Under SFAS 123(R), the Company is required to select a valuation technique or option-pricing model that meets the criteria as stated in the standard. At present, the Company is continuing to use the Black-Scholes model, which requires the input of some subjective assumptions. These assumptions include estimating the length of time employees will retain their vested stock options before exercising them (“expected term”), the estimated volatility of the Company’s common stock price over the expected term (“volatility”), the risk-free interest rate and the dividend yield. Changes in the subjective assumptions can materially affect the estimate of fair value of stock-based compensation.

i. Net loss per share – Statement of Financial Accounting Standards No. 128, Earnings per Share requires dual presentation of basic earnings per share (“EPS”) and diluted EPS on the face of all income statements issued after December 15, 1997, for all entities with complex capital structures. Basic EPS is computed as net income (loss) divided by the weighted average number of common shares outstanding for the period. Diluted EPS reflects the potential dilution that could occur from common shares issuable through stock options, warrants, and other convertible securities.  

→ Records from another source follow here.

text \<open>With \<open>G = C J\<^sup>T\<close> and \<open>D = W \<otimes> I\<^sub>n\<close> the matrix is \<open>M = D G\<^sup>T G\<close>, with \<open>D\<close> diagonal and positive.
  For an eigenpair \<open>(\<lambda>, v)\<close> put \<open>y = G\<^sup>T G v\<close>; then \<open>y\<^sup>* D y = \<lambda> |G v|\<^sup>2\<close>, where both
  quadratic forms are nonnegative reals, so \<open>\<lambda> \<ge> 0\<close>, and \<open>\<lambda> = 0\<close> only if \<open>G v = 0\<close>.
  The same identity gives \<open>ker M\<^sup>2 = ker M\<close>, so the algebraic multiplicity of \<open>0\<close> is
  \<open>dim ker M = dim ker G\<close>, and well-configuredness identifies \<open>ker G\<close> with the
  \<open>n\<close>-dimensional space of vectors \<open>1\<^sub>m \<otimes> x\<close>, i.e. vectors periodic with period \<open>n\<close>.\<close>

lemma dim_kron [simp]:
  "dim_row (kron A B) = dim_row A * dim_row B"
  "dim_col (kron A B) = dim_col A * dim_col B"
  by (simp_all add: kron_def)

lemma index_kron:
  assumes "i < dim_row A * dim_row B" and "j < dim_col A * dim_col B"
  shows "kron A B $$ (i,j) =
    A $$ (i div dim_row B, j div dim_col B) * B $$ (i mod dim_row B, j mod dim_col B)"
  using assms by (simp add: kron_def)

Cumulative but undeclared dividends on the Series A Preferred Stock (Note 6) for the three months ended December 31, 2007 have been considered in the EPS computation.

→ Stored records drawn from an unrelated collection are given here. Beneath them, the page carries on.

lemma P4_end_coloring: "distinguishing_coloring V E 2 (\<lambda>x. if f x = 0 then 1 else 0)"
proof -
  have index: "f (h x) = f x" if h: "automorphism V E h" "\<forall>x\<in>V. (if f (h x) = 0 then 1 else 0 :: nat) =
      (if f x = 0 then 1 else 0)" and x: "x \<in> V" for h x
    using x
  proof (induction "f x" arbitrary: x rule: less_induct)
    \<comment> \<open>h fixes the coloured end, and then each next vertex along the path, because the other
      neighbour of its predecessor is already fixed\<close>
    case less
    have h_V: "\<And>y. y \<in> V \<Longrightarrow> h y \<in> V" using automorphism_image[OF h(1)] .
    have h_inj: "inj_on h V" using h(1) by (simp add: automorphism_def bij_betw_def)
    show ?case
    proof (cases "f x")
      case 0
      then show ?thesis using h(2) less.prems by (auto split: if_splits)
    next
      case (Suc j)
      have j: "j < 4" "vertex j \<in> V" "f (vertex j) = j" "f (h (vertex j)) = j"
        using Suc f_less_4[OF less.prems] vertex_in_V f_vertex less.hyps[of "vertex j"] by auto
      have "E x (vertex j)"
        using adjacent_iff[OF less.prems j(2)] Suc j(3) by simp
      then have "E (h x) (h (vertex j))"
        using h(1) less.prems j(2) unfolding automorphism_def by blast
      then have "f (h x) = Suc j \<or> Suc (f (h x)) = j"
        using adjacent_iff h_V less.prems j by auto
      moreover have "Suc (f (h x)) \<noteq> j"
      proof
        assume k: "Suc (f (h x)) = j"
        then have "f (h (vertex (f (h x)))) = f (h x)"
          using less.hyps[of "vertex (f (h x))"] j vertex_in_V f_vertex Suc by auto
        then have "x = vertex (f (h x))"
          using f h_V h_inj less.prems vertex_in_V k j(1)
          by (metis Suc_lessD bij_betw_def inj_on_eq_iff)
        then show False using k Suc f_vertex j(1) by (metis Suc_lessD lessI less_irrefl_nat)
      qed
      ultimately show ?thesis using Suc by simp
    qed
  qed
  show ?thesis
    unfolding distinguishing_coloring_def
  proof (intro conjI allI impI ballI)
    fix h x
    assume h: "automorphism V E h \<and> (\<forall>x\<in>V. (if f (h x) = 0 then 1 else 0 :: nat) =
      (if f x = 0 then 1 else 0))" and x: "x \<in> V"
    then have "f (h x) = f x" by (intro index) auto
    moreover have "h x \<in> V" using automorphism_image[OF conjunct1[OF h] x] .
    ultimately show "h x = x"
      using f x by (metis bij_betw_def inj_on_eq_iff)
  qed auto
qed

end

lemma distinguishing_number_iso_P4:
  assumes "iso_P4 V E"
  shows "distinguishing_number V E = 2"
proof -
  obtain f where f: "bij_betw f V {0..<4}"
    and adj: "\<And>x y. x \<in> V \<Longrightarrow> y \<in> V \<Longrightarrow> E x y \<longleftrightarrow> f x = Suc (f y) \<or> f y = Suc (f x)"
    using assms unfolding iso_P4_def by blast
  let ?end = "inv_into V f 0"
  have "?end \<in> V" "f (inv_into V f 3) = 3" "f ?end = 0"
    using f by (auto simp: bij_betw_def inv_into_into f_inv_into_f)
  then have "inv_into V f (3 - f ?end) \<noteq> ?end" by auto
  then have "\<not> distinguishing_coloring V E k c" if "k < 2" for k c
    using automorphism_trivial_if_distinguishing_coloring_le_1 P4_reflection_automorphism[OF f adj]
      \<open>?end \<in> V\<close> that by fastforce
  then show ?thesis
    unfolding distinguishing_number_def using P4_end_coloring[OF f adj]
    by (intro Least_equality) (auto simp: not_less[symmetric])
qed

lemma card_iso_P4: "iso_P4 V E \<Longrightarrow> card V = 4"
  unfolding iso_P4_def by (auto dest: bij_betw_same_card)

theorem lemma4p12:
  fixes V :: "'a set" and E :: "'a \<Rightarrow> 'a \<Rightarrow> bool"
  assumes "simple_graph V E"
    and "connected_graph V E"
    and "diameter V E \<in> {3, 4}"
    and "metric_dim V E = card V - diameter V E"
  shows "distinguishing_number V E = card V - 2 \<longleftrightarrow> iso_P4 V E"
proof
  interpret connected_simple_graph V E using assms(1,2) by unfold_locales
  have diameter: "diameter V E \<ge> 3" using assms(3) by auto
  assume D: "distinguishing_number V E = card V - 2"
  show "iso_P4 V E"
  proof (cases "card V \<le> 4")
    case True
    then show ?thesis using iso_P4_if_card_le_4[OF diameter] by simp
  next
    case False
    then have "distinguishing_number V E \<le> card V - 3"
      using distinguishing_coloring_card_minus_3[OF diameter] distinguishing_number_le by fastforce
    then show ?thesis using D False by simp
  qed
next
  assume "iso_P4 V E"
  then show "distinguishing_number V E = card V - 2"
    by (simp add: distinguishing_number_iso_P4 card_iso_P4)
qed

end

The dilutive effect of convertible and exercisable securities, in periods of future income as of December 31, 2007, is as follows:


Stock options                            3,020,001

Warrants                                 3,223,649

Convertible preferred stock       4,700,000


    Total possible dilution         10,943,650


At December 31, 2007 and 2006, the effect of the Company’s outstanding options and common stock equivalents would have been anti-dilutive.



9





TIMBERLINE RESOURCES CORPORATION AND SUBSIDIARIES

NOTES TO CONSOLIDATED FINANCIAL STATEMENTS


NOTE 2 – SUMMARY OF SIGNIFICANT ACCOUNTING POLICIES, (continued):


j. New accounting pronouncements – In September 2006, the Financial Accounting Standards Board (FASB) issued SFAS No. 157, Fair Value Measurements , (SFAS 157), which will become effective in our 2008 financial statements. SFAS 157 establishes a framework for measuring fair value and expands disclosure about fair value measurements, but does not require any new fair value measurements. The Company has not yet determined the effect that adoption of SFAS 157 may have on the results of operations or financial position.


The FASB issued Statement No. 159, The Fair Value Option for Financial Assets and Financial Liabilities – Including an Amendment of FASB Statement No. 115, in the first quarter 2007. The statement allows entities to value financial instruments and certain other items at fair value. The statement provides guidance over the election of the fair value option, including the timing of the election and specific items eligible for the fair value accounting. Changes in fair values would be recorded in earnings. The Company is evaluating the impact the adoption of this statement will have, if any, on its financial statements.


On October 1, 2007, we adopted Financial Accounting Standards Board Interpretation No. 48, Accounting for Uncertainty in Tax Positions (“FIN48”).  FIN48 prescribes a recognition threshold and measurement attribute for the recognition and measurement of tax positions taken or expected to be taken in income tax returns.  FIN48 also provides guidance on de-recognition of income tax assets and liabilities, classification of current and deferred income tax assets and liabilities, and accounting for interest and penalties associated with tax positions.  In the course of our assessment, we determined that we were subject to examination of our income tax filings in the United States and various state jurisdictions for the 2003 – 2006 tax years.  Within each of these jurisdictions we examined our material tax positions to determine whether we believed they would be sustained under the more-likely-than-not guidance provided by FIN48.  If interest and penalties were to be assessed, we would charge interest to interest expense, and penalties to other operating expense.  As a result of our assessment, we have concluded that the adoption of FIN48 had no significant impact on the Company’s results of operations or balance sheet for the quarter ended December 31, 2007, and required no adjustment to opening balance sheet accounts as of October 1, 2007.



10





TIMBERLINE RESOURCES CORPORATION AND SUBSIDIARIES

NOTES TO CONSOLIDATED FINANCIAL STATEMENTS


NOTE 2 – SUMMARY OF SIGNIFICANT ACCOUNTING POLICIES, (continued):


In December 2007, the FASB revised SFAS No. 141 “Business Combinations”.  The revised standard is effective for transactions where the acquisition date is on or after the beginning of the first annual reporting period beginning on or after December 15, 2008. SFAS No. 141(R) will change the accounting for the assets acquired and liabilities assumed in a business combination.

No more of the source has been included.